Document MIR building somewhat

This commit is contained in:
Oliver Scherer 2018-11-02 12:43:36 +01:00 committed by Who? Me?!
parent bed7044bbd
commit 80b656fa7c
1 changed files with 110 additions and 0 deletions

View File

@ -1 +1,111 @@
# MIR construction
The lowering of [HIR] to [MIR] occurs for the following (probably incomplete)
list of items:
* Function and Closure bodies
* Initializers of `static` and `const` items
* Initializers of enum discriminants
* Glue and Shims of any kind
* Tuple struct initializer functions
* Drop code (the `Drop::drop` function is not called directly)
* Drop implementations of types without an explicit `Drop` implementation
The lowering is triggered by calling the `mir_built` query. The entire lowering
code lives in `src/librustc_mir/build`. There is an intermediate representation
between [HIR] and [MIR] called the `HAIR` that is only used during the lowering.
The `HAIR` has datatypes that mirror the [HIR] datatypes, but instead of e.g. `-x`
being a `hair::ExprKind::Neg(hair::Expr)` it is a `hair::ExprKind::Neg(hir::Expr)`.
This shallowness enables the `HAIR` to represent all datatypes that [HIR] has, but
without having to create an in-memory copy of the entire [HIR]. The `HAIR` also
does a few simplifications, e.g. method calls and function calls have been merged
into a single variant.
The lowering creates local variables for every argument as specified in the signature.
Next it creates local variables for every binding specified (e.g. `(a, b): (i32, String)`)
produces 3 bindings, one for the argument, and two for the bindings. Next it generates
field accesses that read the fields from the argument and writes the value to the binding
variable.
With this initialization out of the way, the lowering triggers a recursive call
to a function that generates the MIR for the body (a `Block` expression) and
writes the result into the `RETURN_PLACE`.
## `unpack!` all the things
One important thing of note is the `unpack!` macro, which accompanies all recursive
calls. The macro ensures, that you get the result of the recursive call while updating
the basic block that you are now in. As an example: lowering `a + b` will need to do
three somewhat independent things:
* give you an `Rvalue` referring to the result of the operation
* insert an assertion ensuring that the operation does not overflow
* tell you in which basic block you should write further operations into, because
the basic block has changed due to the inserted assertion (assertions terminate
blocks and jump either to a panic block or a newly created block, the latter being
the one you get back).
The `unpack!` macro will call the recursive function you pass it, return the `Rvalue`
and update the basic block by mutating the basic block variable you pass to it.
## Lowering expressions into the desired MIR
There are essentially four kinds of representations one might want of a value:
* `Place` refers to a (or a part of) preexisting memory location (local, static, promoted)

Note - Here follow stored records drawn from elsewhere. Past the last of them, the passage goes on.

(* Let $p$ be a prime and let $\Gamma = \bigoplus_{i \in B_1} \mathbb{Q} \oplus \bigoplus_{i \in B_2} \mathcal{C}(p^\infty)$ for index sets $B_1, B_2$, regarded as a discrete abelian group. If $E \subset \Gamma$ is $p$-PR, then $|E| \le |B_1| + |B_2|$.
   Context: $\mathcal{C}(p^\infty)$ denotes the group of all $p^m$-th roots of unity, $m \ge 1$. For a discrete abelian group $\Delta$ with compact dual $\widehat{\Delta}$ and $N \in \mathbb{N}$, a subset $E \subset \Delta$ is $N$-PR if for every function $\varphi: E \to \mathbb{Z}_N$ (the $N$-th roots of unity in the unit circle) there exists $x \in \widehat{\Delta}$ with $\varphi(\gamma) = \gamma(x)$ for all $\gamma \in E$. *)

theory Defs
  imports Complex_Main "HOL-Library.Equipollence" "HOL-Computational_Algebra.Primes"
begin

definition prufer :: "nat \<Rightarrow> complex set" where
  "prufer p = {z. \<exists>m\<ge>1. z ^ (p ^ m) = 1}"

definition roots_unity :: "nat \<Rightarrow> complex set" where
  "roots_unity N = {z. z ^ N = 1}"

text \<open>Elements are pairs (f, g) of finitely supported families; the Q-part is written
  additively, the C(p^infinity)-part multiplicatively (identity 1).\<close>
definition Gamma :: "nat \<Rightarrow> 'a set \<Rightarrow> 'b set \<Rightarrow> (('a \<Rightarrow> rat) \<times> ('b \<Rightarrow> complex)) set" where
  "Gamma p B1 B2 = {(f, g).
     finite {i. f i \<noteq> 0} \<and> {i. f i \<noteq> 0} \<subseteq> B1 \<and>
     finite {j. g j \<noteq> 1} \<and> {j. g j \<noteq> 1} \<subseteq> B2 \<and>
     (\<forall>j. g j \<in> prufer p)}"

definition gamma_op :: "(('a \<Rightarrow> rat) \<times> ('b \<Rightarrow> complex)) \<Rightarrow> (('a \<Rightarrow> rat) \<times> ('b \<Rightarrow> complex))
    \<Rightarrow> (('a \<Rightarrow> rat) \<times> ('b \<Rightarrow> complex))" where
  "gamma_op x y = ((\<lambda>i. fst x i + fst y i), (\<lambda>j. snd x j * snd y j))"
lemma symmetric_family_imp_has_plane_types:
  assumes "symmetric_family v (2 * r)"
  shows "has_plane_types (\<lambda>m. of_bool (odd m)) r"
proof -
  note shift =
    polar_pair_shift[OF symmetric_family_polar_pair[OF assms] symmetric_family_Q_pair[OF assms]]
    Q_pair_shift[OF symmetric_family_polar_pair[OF assms] symmetric_family_Q_pair[OF assms]]
  have "symplectic_pairs (\<lambda>m. pair_shift v (2 * m)) (\<lambda>m. pair_shift v (2 * m + 1)) r"
    unfolding symplectic_pairs_def using assms by (auto simp: shift symmetric_family_polar)
  moreover have "\<forall>m<r. Q (pair_shift v (2 * m)) = of_bool (odd m) \<and>
      Q (pair_shift v (2 * m + 1)) = of_bool (odd m)"
    using assms by (auto simp: shift symmetric_family_def)
  ultimately show ?thesis unfolding has_plane_types_def by blast
qed

lemma has_plane_types_imp_symmetric_family:
  assumes "has_plane_types (\<lambda>m. of_bool (odd m)) r"
  shows "\<exists>v. symmetric_family v (2 * r)"
proof -
  obtain p q where pairs: "symplectic_pairs p q r"
    and types: "\<forall>m<r. Q (p m) = of_bool (odd m) \<and> Q (q m) = of_bool (odd m)"
    using assms unfolding has_plane_types_def by blast
  note shift = polar_pair_shift[OF symplectic_pairs_interleave_polar_pair[OF pairs]
      symplectic_pairs_interleave_Q_pair[OF pairs types]]
    Q_pair_shift[OF symplectic_pairs_interleave_polar_pair[OF pairs]
      symplectic_pairs_interleave_Q_pair[OF pairs types]]
  have "Q (interleave p q u) = of_bool (odd (u div 2))" if "u < 2 * r" for u
    using types that by (auto simp: interleave_def)
  then have "symmetric_family (pair_shift (interleave p q)) (2 * r)"
    unfolding symmetric_family_def
    by (auto simp: shift symplectic_pairs_interleave_polar[OF pairs] bit_of_bool_add)
  then show ?thesis by blast
qed

lemma symmetric_family_basis_family:
  assumes sym: "symmetric_family v (2 * r)" and dim: "dim (UNIV::'v set) = 2 * r" and "r \<ge> 1"
  shows "basis_family scale v (2 * r)"
proof (rule basis_family_if_dual_vectors[OF dim])
  show "2 * r > 0" using \<open>r \<ge> 1\<close> by simp
  fix i assume "i < 2 * r"
  have "B (v j) (v i + (\<Sum>k<2 * r. v k)) = of_bool (j = i)" if "j < 2 * r" for j
    using that \<open>i < 2 * r\<close> symmetric_family_polar[OF sym]
      polar_partial_sum[OF symmetric_family_polar_pair[OF sym] symmetric_family_Q_pair[OF sym],
        where k = j and m = r]
    by (cases "j = i") simp_all
  then show "\<exists>h. \<forall>j<2 * r. B (v j) h = of_bool (j = i)" by blast
qed

lemma has_symmetric_basis_iff_plane_types:
  assumes "dim (UNIV::'v set) = 2 * r" "r \<ge> 1"
  shows "has_symmetric_basis scale Q r \<longleftrightarrow> has_plane_types (\<lambda>m. of_bool (odd m)) r"
proof
  assume "has_symmetric_basis scale Q r"
  then obtain v where "symmetric_family v (2 * r)"
    unfolding has_symmetric_basis_def symmetric_family_def by blast
  then show "has_plane_types (\<lambda>m. of_bool (odd m)) r" by (rule symmetric_family_imp_has_plane_types)
next
  assume "has_plane_types (\<lambda>m. of_bool (odd m)) r"
  then obtain v where "symmetric_family v (2 * r)"
    using has_plane_types_imp_symmetric_family by blast
  with symmetric_family_basis_family[OF this assms] show "has_symmetric_basis scale Q r"
    unfolding has_symmetric_basis_def symmetric_family_def by blast
qed

lemma hyperbolic_iff_plane_types:
  assumes dim: "dim (UNIV::'v set) = 2 * r" and "r \<ge> 1"
  shows "hyperbolic scale Q r \<longleftrightarrow> has_plane_types (\<lambda>_. 0) r"
proof
  assume "hyperbolic scale Q r"
  then obtain e f where "symplectic_pairs e f r" "\<forall>i<r. Q (e i) = 0 \<and> Q (f i) = 0"
    unfolding hyperbolic_def symplectic_pairs_def of_bool_def by (metis (no_types, lifting))
  then show "has_plane_types (\<lambda>_. 0) r" unfolding has_plane_types_def by blast
next
  assume "has_plane_types (\<lambda>_. 0) r"
  then obtain p q where pairs: "symplectic_pairs p q r" and "\<forall>m<r. Q (p m) = 0 \<and> Q (q m) = 0"
    unfolding has_plane_types_def by blast
  moreover have "basis_family scale (\<lambda>i. if i < r then p i else q (i - r)) (2 * r)"
  proof -
    have "basis_family scale (\<lambda>i. if i < r then p (if i < r then i else i - r)
        else q (if i < r then i else i - r)) (2 * r)"
      by (rule symplectic_pairs_basis_family[OF pairs dim]) (use \<open>r \<ge> 1\<close> in auto)
    moreover have "(\<lambda>i. if i < r then p (if i < r then i else i - r)
        else q (if i < r then i else i - r)) =
        (\<lambda>i. if i < r then p i else q (i - r))"
      by auto
    ultimately show ?thesis by simp
  qed
  ultimately show "hyperbolic scale Q r"
    unfolding hyperbolic_def using symplectic_pairsD[OF pairs, unfolded of_bool_def] by blast
qed

lemma elliptic_iff_plane_types:
  assumes dim: "dim (UNIV::'v set) = 2 * r" and "r \<ge> 1"
  shows "elliptic scale Q r \<longleftrightarrow> has_plane_types (\<lambda>m. of_bool (m = r - 1)) r"
proof
  assume "elliptic scale Q r"
  then obtain e f x y where
    Q_ef: "\<forall>i<r-1. Q (e i) = 0 \<and> Q (f i) = 0" and
    B_ef: "\<forall>i<r-1. \<forall>j<r-1. B (e i) (e j) = 0 \<and> B (f i) (f j) = 0 \<and>
                   B (e i) (f j) = (if i = j then 1 else 0)" and
    B_xy: "\<forall>i<r-1. B (e i) x = 0 \<and> B (e i) y = 0 \<and> B (f i) x = 0 \<and> B (f i) y = 0"
      "Q x = 1" "Q y = 1" "B x y = 1"
    unfolding elliptic_def by blast
  define p where "p m = (if m < r - 1 then e m else x)" for m
  define q where "q m = (if m < r - 1 then f m else y)" for m
  have "symplectic_pairs p q r"
    unfolding symplectic_pairs_def
  proof (intro allI impI)
    fix m m' assume "m < r" "m' < r"
    then consider "m < r - 1" "m' < r - 1" | "m < r - 1" "m' = r - 1" | "m = r - 1" "m' < r - 1"
      | "m = r - 1" "m' = r - 1"
      by linarith
    then show "B (p m) (q m') = of_bool (m = m') \<and> B (p m) (p m') = 0 \<and> B (q m) (q m') = 0"
      by cases (use B_ef B_xy polar_commute in \<open>auto simp: p_def q_def\<close>)
  qed
  moreover have "\<forall>m<r. Q (p m) = of_bool (m = r - 1) \<and> Q (q m) = of_bool (m = r - 1)"
    using Q_ef B_xy unfolding p_def q_def by auto
  ultimately show "has_plane_types (\<lambda>m. of_bool (m = r - 1)) r"
    unfolding has_plane_types_def by blast
next
  assume "has_plane_types (\<lambda>m. of_bool (m = r - 1)) r"
  then obtain p q where pairs: "symplectic_pairs p q r"
    and types: "\<forall>m<r. Q (p m) = of_bool (m = r - 1) \<and> Q (q m) = of_bool (m = r - 1)"
    unfolding has_plane_types_def by blast
  define k where
    "k j = (if j < r - 1 then j else if j < 2 * (r - 1) then j - (r - 1) else r - 1)" for j
  define s where "s j = (j < r - 1 \<or> j = 2 * (r - 1))" for j
  have "basis_family scale (\<lambda>j. if s j then p (k j) else q (k j)) (2 * r)"
    by (rule symplectic_pairs_basis_family[OF pairs dim])
      (use \<open>r \<ge> 1\<close> in \<open>auto simp: s_def k_def split: if_splits\<close>)
  moreover have "(\<lambda>j. if s j then p (k j) else q (k j)) =
      (\<lambda>i. if i < r - 1 then p i else if i < 2 * (r - 1) then q (i - (r - 1))
         else if i = 2 * (r - 1) then p (r - 1) else q (r - 1))"
    unfolding s_def k_def by auto
  ultimately show "elliptic scale Q r"
    unfolding elliptic_def
    using types \<open>r \<ge> 1\<close> symplectic_pairsD[OF pairs, unfolded of_bool_def]
    by (intro exI[of _ p] exI[of _ q] exI[of _ "p (r - 1)"] exI[of _ "q (r - 1)"]) auto
qed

* `Rvalue` is something that can be assigned to a `Place`
* `Operand` is an argument to e.g. a `+` operation or a function call
* a temporary variable containing a copy of the value
Since we start out with lowering the function body to an `Rvalue` so we can create an
assignment to `RETURN_PLACE`, that `Rvalue` lowering will in turn trigger lowering to
`Operand` for its arguments (if any). `Operand` lowering either produces a `const`
operand, or moves/copies out of a `Place`, thus triggering a `Place` lowering. An
expression being lowered to a `Place` can in turn trigger a temporary to be created
if the expression being lowered contains operations. This is where the snake bites its
own tail and we need to trigger an `Rvalue` lowering for the expression to be written
into the local.
## Operator lowering
Operators on builtin types are not lowered to function calls (which would end up being
infinite recursion calls, because the trait impls just contain the operation itself
again). Instead there are `Rvalue`s for binary and unary operators and index operations.

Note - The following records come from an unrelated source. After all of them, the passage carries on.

(* Fix $F\in\mathcal S^\sharp$ with its $\gamma$, and let $C>0$. Let $t<0$ with $|t|\le C$, $s=x+iy$ with $y>0$ and $|x|\le Cy^{1/4}$, and let $n$ be an integer with $1\le n\le\exp(y^{3/5}/|t|)$. Put $\mathcal I(z):=\gamma(z)e^{\frac{1}{|t|}(J_t(s)-z)^2}n^{-z}$. There exist $y_0,K>0$ depending only on $C,F,\gamma$ such that for all such $t,s,n$ with $y\ge y_0$: (i) if $|x-\Re z|\le y^{3/5}$ and $\tfrac12y^{2/3}\le|y-\Im z|\le2y^{2/3}$, then $|\mathcal I(z)|\le K\exp\!\left(-\frac{y^{4/3}}{10|t|}\right)$; (ii) if $\Re z=2$ and $|y-\Im z|\ge y^{2/3}$, then $|\mathcal I(z)|\le K\exp\!\left(-\frac{1}{2|t|}(y-\Im z)^2\right)$.
   Context: $\operatorname{Log}$ denotes the principal branch of the logarithm. The extended Selberg class $\mathcal S^\sharp$ is the set of functions $F$, not identically zero, such that: (i) $F(s)=\sum_{n\ge1}a_n n^{-s}$, with the series converging absolutely for $\Re s>1$; (ii) $(s-1)^mF(s)$ extends to an entire function of finite order for some integer $m\ge0$; (iii) letting $m$ be the order of the pole of $F$ at $s=1$ ($m=0$ if there is no pole), there is a function $\gamma(s)=\alpha s^m(s-1)^mQ^s\prod_{i=1}^k\Gamma(\omega_i s+\mu_i)$ with $\alpha\in\mathbb C\setminus\{0\}$, $Q>0$, an integer $k\ge1$, $\omega_i>0$ and $\mu_i\in\mathbb C$ with $\Re\mu_i\ge0$, such that the (entire) function $\xi^F(s):=\gamma(s)F(s)$ satisfies $\xi^F(s)=\overline{\xi^F(1-\bar s)}$ for all $s$. For $t<0$ and $\Im s>0$: $J_t(s):=s+\frac{|t|}{2}\log Q+\frac{|t|}{2}\sum_{i=1}^k\omega_i\operatorname{Log}(\omega_i s)$. *)

theory Defs
  imports "HOL-Analysis.Analysis"
begin

definition gamma_factor ::
  "complex \<Rightarrow> nat \<Rightarrow> real \<Rightarrow> nat \<Rightarrow> (nat \<Rightarrow> real) \<Rightarrow> (nat \<Rightarrow> complex) \<Rightarrow> complex \<Rightarrow> complex"
  where "gamma_factor \<alpha> m Q k \<omega> \<mu> s =
     \<alpha> * s ^ m * (s - 1) ^ m * (complex_of_real Q) powr s *
     (\<Prod>i<k. Gamma (complex_of_real (\<omega> i) * s + \<mu> i))"

definition gamma_pole :: "nat \<Rightarrow> (nat \<Rightarrow> real) \<Rightarrow> (nat \<Rightarrow> complex) \<Rightarrow> complex \<Rightarrow> bool"
  where "gamma_pole k \<omega> \<mu> s \<longleftrightarrow>
     (\<exists>i<k. complex_of_real (\<omega> i) * s + \<mu> i \<in> \<int>\<^sub>\<le>\<^sub>0)"

definition finite_order_entire :: "(complex \<Rightarrow> complex) \<Rightarrow> bool"
  where "finite_order_entire G \<longleftrightarrow> G holomorphic_on UNIV \<and>
     (\<exists>\<rho> R. \<forall>z. norm z \<ge> R \<longrightarrow> norm (G z) \<le> exp (norm z powr \<rho>))"

text \<open>F belongs to the extended Selberg class, with Dirichlet coefficients a (a (Suc n') is a_n
  for n = n'+1), pole order m at s = 1, and gamma factor given by (alpha, Q, k, omega, mu).
  The value of F at the point s = 1 is irrelevant.\<close>
definition selberg_sharp ::
  "(complex \<Rightarrow> complex) \<Rightarrow> (nat \<Rightarrow> complex) \<Rightarrow> nat \<Rightarrow> complex \<Rightarrow> real \<Rightarrow> nat \<Rightarrow>
   (nat \<Rightarrow> real) \<Rightarrow> (nat \<Rightarrow> complex) \<Rightarrow> bool"
  where "selberg_sharp F a m \<alpha> Q k \<omega> \<mu> \<longleftrightarrow>
     (\<exists>s. s \<noteq> 1 \<and> F s \<noteq> 0) \<and>
     (\<forall>s. 1 < Re s \<longrightarrow>
         summable (\<lambda>n. norm (a (Suc n) / of_nat (Suc n) powr s)) \<and>
         F s = (\<Sum>n. a (Suc n) / of_nat (Suc n) powr s)) \<and>
     (\<exists>G. finite_order_entire G \<and> (\<forall>s. s \<noteq> 1 \<longrightarrow> G s = (s - 1) ^ m * F s) \<and>
          (m = 0 \<or> G 1 \<noteq> 0)) \<and>
     \<alpha> \<noteq> 0 \<and> Q > 0 \<and> k \<ge> 1 \<and> (\<forall>i<k. \<omega> i > 0 \<and> Re (\<mu> i) \<ge> 0) \<and>
     (\<exists>\<xi>. \<xi> holomorphic_on UNIV \<and>
          (\<forall>s. s \<noteq> 1 \<and> \<not> gamma_pole k \<omega> \<mu> s \<longrightarrow> \<xi> s = gamma_factor \<alpha> m Q k \<omega> \<mu> s * F s) \<and>
          (\<forall>s. \<xi> s = cnj (\<xi> (1 - cnj s))))"

definition J_fun :: "real \<Rightarrow> nat \<Rightarrow> (nat \<Rightarrow> real) \<Rightarrow> real \<Rightarrow> complex \<Rightarrow> complex"
  where "J_fun Q k \<omega> t s = s + of_real (\<bar>t\<bar> / 2 * ln Q) +
     of_real (\<bar>t\<bar> / 2) * (\<Sum>i<k. of_real (\<omega> i) * Ln (of_real (\<omega> i) * s))"

definition integrand ::
  "complex \<Rightarrow> nat \<Rightarrow> real \<Rightarrow> nat \<Rightarrow> (nat \<Rightarrow> real) \<Rightarrow> (nat \<Rightarrow> complex) \<Rightarrow>
   real \<Rightarrow> complex \<Rightarrow> nat \<Rightarrow> complex \<Rightarrow> complex"
  where "integrand \<alpha> m Q k \<omega> \<mu> t s n z =
     gamma_factor \<alpha> m Q k \<omega> \<mu> z * exp ((J_fun Q k \<omega> t s - z)\<^sup>2 / of_real \<bar>t\<bar>) *
     (of_nat n) powr (- z)"

end

theory Submission
  imports Defs "HOL-Real_Asymp.Real_Asymp"
begin

text \<open>
  Write J_t(s) = s + |t|/2 L(s) with L = J_shift = O(log y). Then the real part of
  (J_t(s) - z)^2/|t| is ((x - Re z)^2 - (y - Im z)^2)/|t| up to O(|s - z| log y + log^2 y),
  so the Gaussian factor decays like exp(-(y - Im z)^2/|t|), and everything else only has to be
  shown to be of lower order.
  (i) Above its poles the gamma factor has order one, log |gamma(z)| = O(|z| log |z|) = O(y log y),
  because Gamma grows polynomially in vertical strips away from the real axis; n^(-z) costs at most
  |Re z| y^(3/5)/|t| and (x - Re z)^2 <= y^(6/5), all negligible against (y - Im z)^2 >= y^(4/3)/4.
  (ii) On Re z = 2 one has |Gamma(w)| <= Gamma(Re w), so gamma grows only polynomially and n^(-z) is
  bounded; the remaining terms are at most linear in d = |y - Im z| >= y^(2/3) and are absorbed by
  half of the Gaussian decay -d^2/|t|.
\<close>

lemma norm_Gamma_le_Gamma_Re:
  fixes w :: complex
  assumes "0 < Re w"
  shows "norm (Gamma w) \<le> Gamma (Re w)"
proof -
  have "norm (Gamma w) \<le> Gamma (Re w) \<bullet> 1"
  proof (rule has_integral_norm_bound_integral_component)
    show "((\<lambda>t. of_real t powr (w - 1) / of_real (exp t)) has_integral Gamma w) {0..}"
      using Gamma_integral_complex assms by blast
    show "((\<lambda>t. t powr (Re w - 1) / exp t) has_integral Gamma (Re w)) {0..}"
      using Gamma_integral_real assms by blast
  qed (auto simp: norm_divide norm_powr_real_powr)
  then show ?thesis by simp
qed

lemma not_nonpos_Ints_if_Im_nonzero: "Im (w :: complex) \<noteq> 0 \<Longrightarrow> w \<notin> \<int>\<^sub>\<le>\<^sub>0"
  by (auto elim!: nonpos_Ints_cases)

lemma Gamma_bounded_left_of_line:
  obtains b :: real where "\<And>w::complex. 1 \<le> \<bar>Im w\<bar> \<Longrightarrow> Re w \<le> 2 \<Longrightarrow> norm (Gamma w) \<le> b"
proof -
  have "continuous_on {1..2::real} Gamma"
    by (rule continuous_on_Gamma) (auto elim!: nonpos_Ints_cases)
  then have "bounded (Gamma ` {1..2::real})"
    by (intro compact_imp_bounded compact_continuous_image) auto
  then obtain b where b: "\<And>x::real. x \<in> {1..2} \<Longrightarrow> norm (Gamma x) \<le> b"
    by (meson bounded_iff imageI)
  have "norm (Gamma w) \<le> b" if "1 \<le> \<bar>Im w\<bar>" "1 - real M \<le> Re w" "Re w \<le> 2" for M w
    using that
  proof (induction M arbitrary: w)
    case 0
    then have "norm (Gamma w) \<le> Gamma (Re w)" by (intro norm_Gamma_le_Gamma_Re) auto
    also have "\<dots> \<le> b" using b[of "Re w"] 0 by auto
    finally show ?case .
  next
    case (Suc M)
    show ?case
    proof (cases "1 - real M \<le> Re w")
      case True
      then show ?thesis using Suc by blast
    next
      case False
      have "1 \<le> norm w" using Suc.prems(1) abs_Im_le_cmod order_trans by blast
      then have "norm (Gamma w) \<le> norm w * norm (Gamma w)"
        by (simp add: mult_le_cancel_right1)
      also have "\<dots> = norm (Gamma (w + 1))"
        using Suc.prems by (simp add: Gamma_plus1 not_nonpos_Ints_if_Im_nonzero norm_mult)
      also have "\<dots> \<le> b" using Suc False by (intro Suc.IH) auto
      finally show ?thesis .
    qed
  qed
  moreover have "1 - real (nat \<lceil>1 - Re w\<rceil>) \<le> Re w" for w :: complex
    by linarith
  ultimately show ?thesis using that by blast
qed

lemma norm_Gamma_le_power_off_real_axis:
  obtains B :: real where "1 \<le> B"
    "\<And>w::complex. 1 \<le> \<bar>Im w\<bar> \<Longrightarrow> norm (Gamma w) \<le> B * (1 + norm w) ^ nat \<lceil>Re w\<rceil>"
proof -
  obtain b where b: "\<And>w::complex. 1 \<le> \<bar>Im w\<bar> \<Longrightarrow> Re w \<le> 2 \<Longrightarrow> norm (Gamma w) \<le> b"
    using Gamma_bounded_left_of_line by blast
  define B where "B = max b 1"
  have "norm (Gamma w) \<le> B * (1 + norm w) ^ N" if "1 \<le> \<bar>Im w\<bar>" "Re w \<le> 2 + real N" for N w
    using that
  proof (induction N arbitrary: w)
    case 0
    then show ?case using b[of w] by (simp add: B_def)
  next
    case (Suc N)
    show ?case
    proof (cases "Re w \<le> 2 + real N")
      case True
      then have "norm (Gamma w) \<le> B * (1 + norm w) ^ N" using Suc by blast
      also have "\<dots> \<le> B * (1 + norm w) ^ Suc N"
        by (intro mult_left_mono power_increasing) (auto simp: B_def)
      finally show ?thesis .
    next
      case False
      have "(Re w - 1)\<^sup>2 \<le> (Re w)\<^sup>2"
        using False by (simp add: power2_eq_square algebra_simps)
      then have shift: "norm (w - 1) \<le> norm w"
        unfolding cmod_def by (intro real_sqrt_le_mono) simp
      have "norm (Gamma w) = norm (w - 1) * norm (Gamma (w - 1))"
        using Gamma_plus1[of "w - 1"] Suc.prems
        by (simp add: not_nonpos_Ints_if_Im_nonzero norm_mult)
      also have "\<dots> \<le> (1 + norm w) * (B * (1 + norm w) ^ N)"
      proof (rule mult_mono)
        have "norm (Gamma (w - 1)) \<le> B * (1 + norm (w - 1)) ^ N"
          using Suc by (intro Suc.IH) auto
        also have "\<dots> \<le> B * (1 + norm w) ^ N"
          using shift by (intro mult_left_mono power_mono) (auto simp: B_def)
        finally show "norm (Gamma (w - 1)) \<le> B * (1 + norm w) ^ N" .
      qed (use shift in auto)
      finally show ?thesis by (simp add: mult.left_commute)
    qed
  qed
  moreover have "Re w \<le> 2 + real (nat \<lceil>Re w\<rceil>)" for w :: complex
    by linarith
  ultimately show ?thesis using that[of B] by (simp add: B_def)
qed

definition lin_log :: "real \<Rightarrow> real"
  where "lin_log r = (1 + r) * ln (3 + r)"

lemma one_le_ln_three_plus: "0 \<le> (r::real) \<Longrightarrow> 1 \<le> ln (3 + r)"
  using ln3_gt_1 ln_le_cancel_iff[of 3 "3 + r"] by linarith

lemma one_plus_le_lin_log: "0 \<le> r \<Longrightarrow> 1 + r \<le> lin_log r"
  unfolding lin_log_def using one_le_ln_three_plus[of r] by (simp add: mult_le_cancel_left1)

lemma lin_log_nonneg: "0 \<le> r \<Longrightarrow> 0 \<le> lin_log r"
  using one_plus_le_lin_log[of r] by linarith

lemma lin_log_mono: "0 \<le> r \<Longrightarrow> r \<le> r' \<Longrightarrow> lin_log r \<le> lin_log r'"
  unfolding lin_log_def by (intro mult_mono) auto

These `Rvalue`s later get codegened to llvm primitive operations or llvm intrinsics.
Operators on all other types get lowered to a function call to their `impl` of the
Operator's corresponding trait.
Irrelevant of the lowering kind, the arguments to the operator are lowered to `Operand`s.
This means all arguments are either constants, or refer to an already existing value
somewhere in a local or static.
## Method call lowering
Method calls are lowered to the same `TerminatorKind` that function calls are.
In [MIR] there is no difference between method calls and function calls anymore.
## Conditions
`if` conditions and `match` statements for `enum`s without variants with fields are
lowered to `TerminatorKind::SwitchInt`. Each possible value (so `0` and `1` for `if`
conditions) has a corresponding `BasicBlock` to which the code continues.
The argument being branched on is again an `Operand`.
### Pattern matching
`match` statements for `enum`s with variants that have fields are lowered to
`TerminatorKind::SwitchInt`, too, but the `Operand` refers to a `Place` where the
discriminant of the value can be found. This often involves reading the discriminant
to a new temporary variable.
## Aggregate construction
Aggregate values of any kind are built via `Rvalue::Aggregate`. All fields are
lowered to `Operator`s. This is essentially equivalent to one assignment
statement per aggregate field plus an assignment to the discriminant in the
case of `enum`s.
[MIR]: ./index.html
[HIR]: ../hir.html